Светлый фон

Милашевский был интересным собеседником и прекрасным рассказчиком, но свои воспоминания предпочитал читать слушателям по написанному тексту, временами, в наиболее острых местах, лукаво поглядывая на них, проверяя произведенное впечатление.

Писал он легко, не затрудняясь в подборе слов и выражений, — почти так, как говорил. Эта живая интонация рассказчика прекрасно чувствуется теми, кому приходилось его слышать, в его опубликованных воспоминаниях, прежде всего в книге «Вчера, позавчера». По этой причине они сильно проигрывали в чтении других, даже артистов-чтецов, как это бывало на вечерах в ЦДРИ и Доме художника: внося свои интонации, чтецы лишали текст обаяния авторского голоса.

Будучи человеком увлекающимся, он был не всегда объективен, часто пристрастен, а иногда не совсем точен, но его воспоминания настолько живо и красочно написаны, что в мемуарной литературе трудно найти что-нибудь подобное, что читалось бы всеми с начала до конца с таким захватывающим, неослабевающим интересом.

Многие не любят писать письма. Милашевский писал их охотно и часто. Сколько его писем хранится, наверное, у его знакомых! И длинных, серьезных и интересных, в которых он говорит о вопросах искусства, и коротких, поздравительных, и шутливых, с замысловатым росчерком подписи, занимавшей иногда целую страницу и заканчивавшейся петушком или уточкой, выведенными одной линией, не отрывая пера от бумаги, подобным встречающимся в старинных рукописях.

Некоторые художники мучительно думают о том, что и как им изобразить. Для Милашевского таких вопросов не существовало. Наоборот: ему всегда приходилось сдерживать свое творческое воображение. Начиная иллюстрировать книгу или готовя ее к переизданию, он никогда не мог уложиться в намеченные ранее рамки.

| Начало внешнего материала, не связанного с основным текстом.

(* Let $n,d\in\mathbb N$, $t\in[0,1]$, weights $\omega_0,\ldots,\omega_n>0$ and points $\mathbf W_0,\ldots,\mathbf W_n\in\mathbb R^d$ be given. Let $B^n_k(t):=\binom nk t^k(1-t)^{n-k}$ and $$\mathbf R_n(t):=\frac{\sum_{k=0}^n\omega_k\mathbf W_kB^n_k(t)}{\sum_{k=0}^n\omega_kB^n_k(t)}.$$ Define $h_0:=1$, $\mathbf Q_0:=\mathbf W_0$ and, for $k=1,\ldots,n$, $$h_k:=\frac{\omega_kh_{k-1}t(n-k+1)}{\omega_{k-1}k(1-t)+\omega_kh_{k-1}t(n-k+1)},\qquad \mathbf Q_k:=(1-h_k)\mathbf Q_{k-1}+h_k\mathbf W_k.$$ Then for all $k=0,1,\ldots,n$: $h_k\in[0,1]$, $\mathbf Q_k\in\mathbb R^d$, and $\mathbf Q_k\in\operatorname{conv}\{\mathbf W_0,\ldots,\mathbf W_k\}$ (so $\operatorname{conv}\{\mathbf Q_0,\ldots,\mathbf Q_k\}\subseteq\operatorname{conv}\{\mathbf W_0,\ldots,\mathbf W_k\}$). Moreover, $\mathbf R_n(t)=\mathbf Q_n$.
   Context: $\operatorname{conv}$ denotes the convex hull; $\mathbb E^d$ of the paper is identified with $\mathbb R^d$. $\mathbf R_n$ is the rational Bézier curve of degree $n$ with the given weights and control points. *)

theory Defs
  imports "HOL-Analysis.Analysis"
begin

definition rbezier :: "nat \<Rightarrow> (nat \<Rightarrow> real) \<Rightarrow> (nat \<Rightarrow> 'a::real_vector) \<Rightarrow> real \<Rightarrow> 'a" where
  "rbezier n w W t =
     inverse (\<Sum>k\<le>n. w k * Bernstein n k t) *\<^sub>R (\<Sum>k\<le>n. (w k * Bernstein n k t) *\<^sub>R W k)"

fun hseq :: "nat \<Rightarrow> (nat \<Rightarrow> real) \<Rightarrow> real \<Rightarrow> nat \<Rightarrow> real" where
  "hseq n w t 0 = 1"
| "hseq n w t (Suc k) =
     (w (Suc k) * hseq n w t k * t * (real n - real k)) /
     (w k * real (Suc k) * (1 - t) + w (Suc k) * hseq n w t k * t * (real n - real k))"

fun Qseq :: "nat \<Rightarrow> (nat \<Rightarrow> real) \<Rightarrow> (nat \<Rightarrow> 'a::real_vector) \<Rightarrow> real \<Rightarrow> nat \<Rightarrow> 'a" where
  "Qseq n w W t 0 = W 0"
| "Qseq n w W t (Suc k) = (1 - hseq n w t (Suc k)) *\<^sub>R Qseq n w W t k + hseq n w t (Suc k) *\<^sub>R W (Suc k)"

end

theory Submission
  imports Defs
begin

text \<open>Writing \<open>S\<^sub>k = \<Sum>\<^sub>j\<^sub>\<le>\<^sub>k \<omega>\<^sub>j B\<^sup>n\<^sub>j(t)\<close> for the partial weights, the recursion for \<open>h\<^sub>k\<close>
  is exactly the update \<open>h\<^sub>k = \<omega>\<^sub>k B\<^sup>n\<^sub>k(t) / S\<^sub>k\<close>, because consecutive Bernstein
  polynomials satisfy \<open>(n - k) t B\<^sup>n\<^sub>k = (k + 1)(1 - t) B\<^sup>n\<^sub>k\<^sub>+\<^sub>1\<close>. Hence \<open>Q\<^sub>k\<close> is the weighted
  mean of \<open>W\<^sub>0, \<dots>, W\<^sub>k\<close> with weights \<open>\<omega>\<^sub>j B\<^sup>n\<^sub>j(t)\<close>, i.e. \<open>S\<^sub>k Q\<^sub>k = \<Sum>\<^sub>j\<^sub>\<le>\<^sub>k \<omega>\<^sub>j B\<^sup>n\<^sub>j(t) W\<^sub>j\<close>,
  and for \<open>k = n\<close> this is the rational Bezier point. The hull statements only
  use that each \<open>Q\<^sub>k\<close> is a convex combination of \<open>Q\<^sub>k\<^sub>-\<^sub>1\<close> and \<open>W\<^sub>k\<close>.\<close>

lemma diff_times_binomial: "(n - k) * (n choose k) = Suc k * (n choose Suc k)"
  using binomial_absorb_comp[of n k] binomial_absorption[of k n] by simp

lemma Bernstein_Suc_ratio:
  assumes "k < n"
  shows "Bernstein n k t * t * (real n - real k) = Bernstein n (Suc k) t * real (Suc k) * (1 - t)"
proof -
  have binom: "real (n - k) * real (n choose k) = real (Suc k) * real (n choose Suc k)"
    using diff_times_binomial[of n k] by (metis of_nat_mult)
  have pow: "(1 - t) ^ (n - k) = (1 - t) ^ (n - Suc k) * (1 - t)"
    using assms by (metis Suc_diff_Suc power_Suc2)
  have "Bernstein n k t * t * (real n - real k)
      = (real (n - k) * real (n choose k)) * t ^ Suc k * (1 - t) ^ (n - k)"
    using assms by (simp add: Bernstein_def of_nat_diff algebra_simps)
  also have "\<dots> = (real (Suc k) * real (n choose Suc k)) * t ^ Suc k * ((1 - t) ^ (n - Suc k) * (1 - t))"
    by (simp only: binom pow)
  also have "\<dots> = Bernstein n (Suc k) t * real (Suc k) * (1 - t)"
    by (simp add: Bernstein_def algebra_simps)
  finally show ?thesis .
qed

lemma hseq_nonneg:
  assumes "t \<in> {0..1}" and "\<forall>j\<le>n. 0 < w j" and "k \<le> n"
  shows "0 \<le> hseq n w t k"
  using assms(3)
proof (induction k)
  case (Suc k)
  have "0 < w k" "0 < w (Suc k)" "0 \<le> hseq n w t k"
    using Suc assms(2) by auto
  then have "0 \<le> w (Suc k) * hseq n w t k * t * (real n - real k)"
    "0 \<le> w k * real (Suc k) * (1 - t)"
    using assms(1) Suc.prems by auto
  then show ?case by simp
qed simp

lemma hseq_pos:
  assumes "t \<in> {0<..1}" and "\<forall>j\<le>n. 0 < w j" and "k \<le> n"
  shows "0 < hseq n w t k"
  using assms(3)
proof (induction k)
  case (Suc k)
  have "0 < w k" "0 < w (Suc k)" "0 < hseq n w t k"
    using Suc assms(2) by auto
  then have "0 < w (Suc k) * hseq n w t k * t * (real n - real k)"
    "0 \<le> w k * real (Suc k) * (1 - t)"
    using assms(1) Suc.prems by auto
  then show ?case by simp
qed simp

lemma hseq_le_1:
  assumes "t \<in> {0..1}" and "\<forall>j\<le>n. 0 < w j" and "k \<le> n"
  shows "hseq n w t k \<le> 1"
proof (cases k)
  case (Suc j)
  have "0 < w j" "0 < w (Suc j)" "0 \<le> hseq n w t j"
    using assms hseq_nonneg[OF assms(1,2), of j] Suc by auto
  then have "0 \<le> w (Suc j) * hseq n w t j * t * (real n - real j)"
    "0 \<le> w j * real (Suc j) * (1 - t)"
    using assms(1,3) Suc by auto
  then show ?thesis using Suc by (simp add: divide_le_eq_1) linarith
qed simp

lemma hseq_denominator_pos:
  assumes "t \<in> {0..1}" and "\<forall>j\<le>n. 0 < w j" and "k < n"
  shows "0 < w k * real (Suc k) * (1 - t) + w (Suc k) * hseq n w t k * t * (real n - real k)"
proof (cases "t = 1")
  case True
  then have "0 < hseq n w t k" "0 < w (Suc k)"
    using assms hseq_pos[of t n w k] by auto
  then show ?thesis using True assms(3) by simp
next
  case False
  then have "0 < w k * real (Suc k) * (1 - t)" using assms by simp
  moreover have "0 \<le> hseq n w t k" "0 < w (Suc k)"
    using assms hseq_nonneg[OF assms(1,2), of k] by auto
  then have "0 \<le> w (Suc k) * hseq n w t k * t * (real n - real k)"
    using assms(1,3) by simp
  ultimately show ?thesis by linarith
qed

definition partial_weight :: "nat \<Rightarrow> (nat \<Rightarrow> real) \<Rightarrow> real \<Rightarrow> nat \<Rightarrow> real" where
  "partial_weight n w t k = (\<Sum>j\<le>k. w j * Bernstein n j t)"

lemma partial_weight_Suc:
  "partial_weight n w t (Suc k) = partial_weight n w t k + w (Suc k) * Bernstein n (Suc k) t"
  by (simp add: partial_weight_def)

lemma partial_weight_times_hseq:
  assumes "t \<in> {0..1}" and "\<forall>j\<le>n. 0 < w j" and "k \<le> n"
  shows "partial_weight n w t k * hseq n w t k = w k * Bernstein n k t"
  using assms(3)
proof (induction k)
  case 0
  then show ?case by (simp add: partial_weight_def)
next
  case (Suc k)
  define a where "a = w (Suc k) * hseq n w t k * t * (real n - real k)"
  define b where "b = w k * real (Suc k) * (1 - t)"
  have "0 < b + a"
    using hseq_denominator_pos[OF assms(1,2), of k] Suc.prems by (simp add: a_def b_def)
  have "partial_weight n w t k * a = w (Suc k) * w k * (Bernstein n k t * t * (real n - real k))"
    using Suc by (simp add: a_def algebra_simps)
  also have "\<dots> = w (Suc k) * Bernstein n (Suc k) t * b"
    using Bernstein_Suc_ratio[of k n t] Suc.prems by (simp add: b_def)
  finally have Sa: "partial_weight n w t k * a = w (Suc k) * Bernstein n (Suc k) t * b" .
  have "hseq n w t (Suc k) = a / (b + a)"
    by (simp add: a_def b_def)
  then have "partial_weight n w t (Suc k) * hseq n w t (Suc k)
      = (partial_weight n w t k * a + w (Suc k) * Bernstein n (Suc k) t * a) / (b + a)"
    by (simp add: partial_weight_Suc distrib_right)
  also have "\<dots> = w (Suc k) * Bernstein n (Suc k) t"
    using \<open>0 < b + a\<close> by (simp only: Sa) (simp add: field_simps)
  finally show ?case .
qed

lemma partial_weight_scaleR_Qseq:
  assumes "t \<in> {0..1}" and "\<forall>j\<le>n. 0 < w j" and "k \<le> n"
  shows "partial_weight n w t k *\<^sub>R Qseq n w W t k = (\<Sum>j\<le>k. (w j * Bernstein n j t) *\<^sub>R W j)"
  using assms(3)
proof (induction k)
  case 0
  then show ?case by (simp add: partial_weight_def)
next
  case (Suc k)
  let ?S = "partial_weight n w t (Suc k)" and ?h = "hseq n w t (Suc k)"
  have weight: "?S * ?h = w (Suc k) * Bernstein n (Suc k) t"
    using partial_weight_times_hseq[OF assms(1,2) Suc.prems] .
  have "?S *\<^sub>R Qseq n w W t (Suc k) = (?S - ?S * ?h) *\<^sub>R Qseq n w W t k + (?S * ?h) *\<^sub>R W (Suc k)"
    by (simp add: algebra_simps)
  also have "\<dots> = partial_weight n w t k *\<^sub>R Qseq n w W t k + (w (Suc k) * Bernstein n (Suc k) t) *\<^sub>R W (Suc k)"
    by (simp only: weight) (simp add: partial_weight_Suc)
  finally show ?case using Suc by simp
qed

lemma partial_weight_pos:
  assumes "t \<in> {0..1}" and "\<forall>j\<le>n. 0 < w j"
  shows "0 < partial_weight n w t n"
proof -
  have nonneg: "\<And>j. j \<in> {..n} \<Longrightarrow> 0 \<le> w j * Bernstein n j t"
    using assms by (simp add: Bernstein_nonneg less_imp_le)
  have "partial_weight n w t n \<noteq> 0"
  proof
    assume "partial_weight n w t n = 0"
    then have "\<forall>j\<in>{..n}. w j * Bernstein n j t = 0"
      using sum_nonneg_eq_0_iff[of "{..n}" "\<lambda>j. w j * Bernstein n j t"] nonneg
      unfolding partial_weight_def by blast
    then have "(\<Sum>j\<le>n. Bernstein n j t) = 0"
      using assms(2) by (simp add: less_imp_neq[symmetric])
    then show False by simp
  qed
  moreover have "0 \<le> partial_weight n w t n"
    unfolding partial_weight_def by (rule sum_nonneg) (rule nonneg)
  ultimately show ?thesis by simp
qed

lemma Qseq_in_convex_hull:
  assumes "t \<in> {0..1}" and "\<forall>j\<le>n. 0 < w j" and "k \<le> n"
  shows "Qseq n w W t k \<in> convex hull (W ` {0..k})"
  using assms(3)
proof (induction k)
  case 0
  then show ?case by (simp add: hull_inc)
next
  case (Suc k)
  have "convex hull (W ` {0..k}) \<subseteq> convex hull (W ` {0..Suc k})"
    by (intro hull_mono image_mono) auto
  then have "Qseq n w W t k \<in> convex hull (W ` {0..Suc k})"
    using Suc by auto
  moreover have "W (Suc k) \<in> convex hull (W ` {0..Suc k})"
    by (intro hull_inc) auto
  moreover have "hseq n w t (Suc k) \<in> {0..1}"
    using hseq_nonneg[OF assms(1,2) Suc.prems] hseq_le_1[OF assms(1,2) Suc.prems] by simp
  ultimately show ?case
    unfolding Qseq.simps by (intro convexD_alt convex_convex_hull) auto
qed

lemma convex_hull_prefix_subset:
  fixes Q W :: "nat \<Rightarrow> 'a::real_vector"
  assumes "\<And>j. j \<le> k \<Longrightarrow> Q j \<in> convex hull (W ` {0..j})"
  shows "convex hull (Q ` {0..k}) \<subseteq> convex hull (W ` {0..k})"
proof (rule hull_minimal)
  show "Q ` {0..k} \<subseteq> convex hull (W ` {0..k})"
  proof
    fix x assume "x \<in> Q ` {0..k}"
    then obtain j where "j \<le> k" "x = Q j" by auto
    moreover have "convex hull (W ` {0..j}) \<subseteq> convex hull (W ` {0..k})"
      using \<open>j \<le> k\<close> by (intro hull_mono image_mono) auto
    ultimately show "x \<in> convex hull (W ` {0..k})" using assms by auto
  qed
qed simp

theorem theorem3:
  fixes n :: nat and t :: real and w :: "nat \<Rightarrow> real" and W :: "nat \<Rightarrow> real ^ 'd"
  assumes "t \<in> {0..1}"
    and "\<And>k. k \<le> n \<Longrightarrow> w k > 0"
  shows "(\<forall>k\<le>n. hseq n w t k \<in> {0..1}
                 \<and> Qseq n w W t k \<in> convex hull (W ` {0..k})
                 \<and> convex hull (Qseq n w W t ` {0..k}) \<subseteq> convex hull (W ` {0..k}))
         \<and> rbezier n w W t = Qseq n w W t n"
proof -
  have w_pos: "\<forall>j\<le>n. 0 < w j"
    using assms(2) by blast
  show ?thesis
  proof (intro conjI allI impI)
    fix k assume "k \<le> n"
    then show "hseq n w t k \<in> {0..1}"
      using hseq_nonneg[OF assms(1) w_pos] hseq_le_1[OF assms(1) w_pos] by simp
    show "Qseq n w W t k \<in> convex hull (W ` {0..k})"
      using Qseq_in_convex_hull[OF assms(1) w_pos \<open>k \<le> n\<close>] .
    show "convex hull (Qseq n w W t ` {0..k}) \<subseteq> convex hull (W ` {0..k})"
      using Qseq_in_convex_hull[OF assms(1) w_pos, where W=W] \<open>k \<le> n\<close>
      by (intro convex_hull_prefix_subset) simp
  next
    have "rbezier n w W t = inverse (partial_weight n w t n) *\<^sub>R (partial_weight n w t n *\<^sub>R Qseq n w W t n)"
      unfolding rbezier_def partial_weight_scaleR_Qseq[OF assms(1) w_pos order.refl]
      unfolding partial_weight_def ..
    then show "rbezier n w W t = Qseq n w W t n"
      using partial_weight_pos[OF assms(1) w_pos] by simp
  qed
qed

end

Его все время одолевали новые идеи, новые замыслы. Ему всегда хотелось сделать дополнительно еще и то, и это — новые иллюстрации, новые заставки, концовки, книжные украшения, лучшие и более интересные, чем прежние, или хотя бы пририсовать что-нибудь к старому рисунку. Он не принадлежал к числу тех, кто подолгу обдумывает свои произведения, с трудом начинает, по многу раз переделывает, уничтожает или бросает незаконченным сделанное. Работал он стремительно. Казалось, что он рисует не кистью, не карандашом или пером, а молниеносными ударами острия шпаги. Да это так и было, только более прозаично: свои быстрые, нервные рисунки он делал часто концом отточенной спички, делал сразу, без поправок и переделок.

Он был как туго натянутая струна, чутко отзывающаяся на каждое звучание окружающего мира. Жадное внимание к жизни во всех ее проявлениях и неутолимая жажда новых впечатлений были у него слишком сильны, чтобы их анализировать и философски осмысливать.